Configure the scheduled job for updating NVD records

Identify the repositories that you want updated regularly, and then execute a scheduled job to update NVD records on a nightly or weekly basis. You can also update the script or write your own scripts, as needed.

Before you begin

If the NVD data feed you want to use for the scheduled job is not present, you can add it.

Roles required:
  • If you have the admin role, you can add repositories to the scheduled job.
  • If you have sn_vul.vulnerability_read, you can execute the scheduled job.
  • If you have sn_vul.vulnerability_write, you can edit the details of the scheduled job.

Procedure

  1. Navigate to Vulnerability > Administration > NVD Auto-Update.
  2. For each NVD repository that you want to update automatically, change the Automatically update field to true.
  3. Navigate to Vulnerability > Administration > Integrations.
  4. Select the NIST National Vulnerability Database scheduled job.
  5. Modify the fields as needed.
    Table 1. Vulnerability Integration form
    Field Description
    Name The name of the scheduled job.
    Active Whether the scheduled job is active. If you have previously set up this job and then decided to use a different integrations, you can uncheck this box to deactivate the job.
    Run The frequency you want the job to run. Subsequent fields are displayed or hidden based on your setting in this field.
    Day The day you want the scheduled job to run.

    If you selected Weekly in the Run field, this field displays the days of the week. If you selected Monthly in the Run field, this field displays the days of the month.

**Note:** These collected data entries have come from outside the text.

(* Let $n\ge1$, $\mathfrak g=sl(n+1,\mathbb C)$, $M=\mathbb C[p_1,\dots,p_n,q_1,\dots,q_n]$ with Lie bracket $[\cdot,\cdot]_\ast$, and let $\Phi_0:\mathfrak g\to M$, $\Phi_0(X)=\tilde X$. For every $a\in\mathbb C$, the map $\Phi_a:\mathfrak g\to M[[t]]$, $\Phi_a(X)=\tilde X+ta\varphi_1(X)$, is a formal deformation of $\Phi_0$, i.e. $\Phi_a([X,Y])=[\Phi_a(X),\Phi_a(Y)]_\ast$ for all $X,Y\in\mathfrak g$ (the bracket being extended $\mathbb C[[t]]$-bilinearly to formal series).
   Context: $E_{ij}$ denotes the $(n+1)\times(n+1)$ matrix with $1$ in entry $(i,j)$ and $0$ elsewhere. Let $\Psi(p,q)$ be the $(n+1)\times(n+1)$ matrix whose first row is $(-\sum_j p_jq_j,\ q_1,\dots,q_n)$ and whose $(k+1)$-th row ($1\le k\le n$) is $p_k$ times the first row. For $X\in\mathfrak g$, $\tilde X(p,q)=\operatorname{Tr}(\Psi(p,q)X)$. Write $x=(p_1,\dots,p_n,q_1,\dots,q_n)$, let $\Lambda^{k,n+k}=1$, $\Lambda^{n+k,k}=-1$ ($1\le k\le n$), $\Lambda^{ij}=0$ otherwise, $P^l(u,v)=\sum\Lambda^{i_1j_1}\cdots\Lambda^{i_lj_l}\partial^l_{x_{i_1}\cdots x_{i_l}}u\,\partial^l_{x_{j_1}\cdots x_{j_l}}v$, and $[u,v]_\ast=\sum_{l\ge0}\frac{(-1/4)^l}{(2l+1)!}P^{2l+1}(u,v)$. The linear map $\varphi_1:\mathfrak g\to M$ is determined by $\varphi_1(E_{11}-E_{22})=1$, $\varphi_1(E_{kk}-E_{k+1,k+1})=0$ for $k=2,\dots,n$, $\varphi_1(E_{1,k+1})=p_k$ for $k=1,\dots,n$, and $\varphi_1(E_{ij})=0$ for $i\ge2$, $j\ne i$. *)

theory Defs
  imports Complex_Main "HOL-Library.Poly_Mapping" "HOL-Library.Groups_Big_Fun"
    "HOL-Computational_Algebra.Formal_Power_Series"
begin

text \<open>M = C[x_1,...,x_{2n}] with x_k = p_k, x_{n+k} = q_k (1 <= k <= n).
  Polynomials are finitely supported maps from monomials (exponent vectors
  nat =>0 nat) to coefficients.\<close>

type_synonym mpoly = "(nat \<Rightarrow>\<^sub>0 nat) \<Rightarrow>\<^sub>0 complex"

definition mconst :: "complex \<Rightarrow> mpoly" where
  "mconst c = Poly_Mapping.single 0 c"

definition mvar :: "nat \<Rightarrow> mpoly" where
  "mvar i = Poly_Mapping.single (Poly_Mapping.single i 1) 1"

definition pvar :: "nat \<Rightarrow> mpoly" where "pvar k = mvar k"
definition qvar :: "nat \<Rightarrow> nat \<Rightarrow> mpoly" where "qvar n k = mvar (n + k)"

definition pderiv_m :: "nat \<Rightarrow> mpoly \<Rightarrow> mpoly" where
  "pderiv_m i u = sum (\<lambda>m. Poly_Mapping.single (m - Poly_Mapping.single i 1)
        (of_nat (Poly_Mapping.lookup m i) * Poly_Mapping.lookup u m)) (Poly_Mapping.keys u)"

definition pderivs :: "nat list \<Rightarrow> mpoly \<Rightarrow> mpoly" where
  "pderivs is u = foldr pderiv_m is u"

definition Lam :: "nat \<Rightarrow> nat \<Rightarrow> nat \<Rightarrow> complex" where
  "Lam n i j = (if 1 \<le> i \<and> i \<le> n \<and> j = n + i then 1
                else if 1 \<le> j \<and> j \<le> n \<and> i = n + j then -1 else 0)"

definition idx_lists :: "nat \<Rightarrow> nat \<Rightarrow> nat list set" where
  "idx_lists n l = {is. length is = l \<and> set is \<subseteq> {1..2*n}}"

definition Pl :: "nat \<Rightarrow> nat \<Rightarrow> mpoly \<Rightarrow> mpoly \<Rightarrow> mpoly" where
  "Pl n l u v = (\<Sum>is\<in>idx_lists n l. \<Sum>js\<in>idx_lists n l.
      mconst (\<Prod>k<l. Lam n (is ! k) (js ! k)) * pderivs is u * pderivs js v)"

text \<open>Moyal-type bracket; the sum over l is a finitely supported sum.\<close>
definition star_bracket :: "nat \<Rightarrow> mpoly \<Rightarrow> mpoly \<Rightarrow> mpoly" where
  "star_bracket n u v = Sum_any (\<lambda>l::nat.
      mconst ((-1/4) ^ l / of_nat (fact (2*l+1))) * Pl n (2*l+1) u v)"

definition star_bracket_fps :: "nat \<Rightarrow> mpoly fps \<Rightarrow> mpoly fps \<Rightarrow> mpoly fps" where
  "star_bracket_fps n F G = Abs_fps (\<lambda>k. \<Sum>i\<le>k. star_bracket n (fps_nth F i) (fps_nth G (k - i)))"

text \<open>(n+1)x(n+1) complex matrices as functions, indices 1..n+1, zero outside.\<close>
type_synonym cmat = "nat \<Rightarrow> nat \<Rightarrow> complex"

definition sl :: "nat \<Rightarrow> cmat set" where
  "sl n = {X. (\<forall>i j. \<not> (i \<in> {1..n+1} \<and> j \<in> {1..n+1}) \<longrightarrow> X i j = 0)
              \<and> (\<Sum>i=1..n+1. X i i) = 0}"

definition mat_mult :: "nat \<Rightarrow> cmat \<Rightarrow> cmat \<Rightarrow> cmat" where
  "mat_mult n X Y = (\<lambda>i j. \<Sum>k=1..n+1. X i k * Y k j)"

definition commutator :: "nat \<Rightarrow> cmat \<Rightarrow> cmat \<Rightarrow> cmat" where
  "commutator n X Y = (\<lambda>i j. mat_mult n X Y i j - mat_mult n Y X i j)"

definition Emat :: "nat \<Rightarrow> nat \<Rightarrow> cmat" where
  "Emat i j = (\<lambda>a b. if a = i \<and> b = j then 1 else 0)"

    Time The time you want the scheduled job to start.
    Integration script The script for pulling data from the data sources in the Data Sources related list.
    Application [Read only] The name of the application for which you are running the scheduled job.
    Repeat Interval The number of days and hours before the scheduled job runs again. This field appears when Periodically is selected from the Run list.
    Starting The date and time to start the periodic updates. This field appears when Periodically is selected from the Run list.
    Conditional The check box to add conditional parameters.
    Condition The conditions to run the scheduled job. This field appears when the Conditional check box is selected.
    Report processor strategy The strategy for pulling data and processing the scheduled job.
    • If you have identified data sources and added them to the Data Sources related list, you can select Data Source Attachment to pull data from the data sources using the script in the Integration script field.
    • To select a custom processor in the Report Processor field, select Custom Report Processor.
    Report processor The script to execute when the scheduled job runs. This field appears when Custom Report Processor is selected in the Report processor strategy list.
    Processor factory script The script to build the report processor. This field appears when Custom Report Processor is selected in the Report processor strategy list.
  6. To save your changes, click Update.
  7. To run the scheduled job immediately, click Execute Now.
    Note: When the scheduled job runs and new records are downloaded to the NVD, an email notification is sent to the members of the vulnerability response group.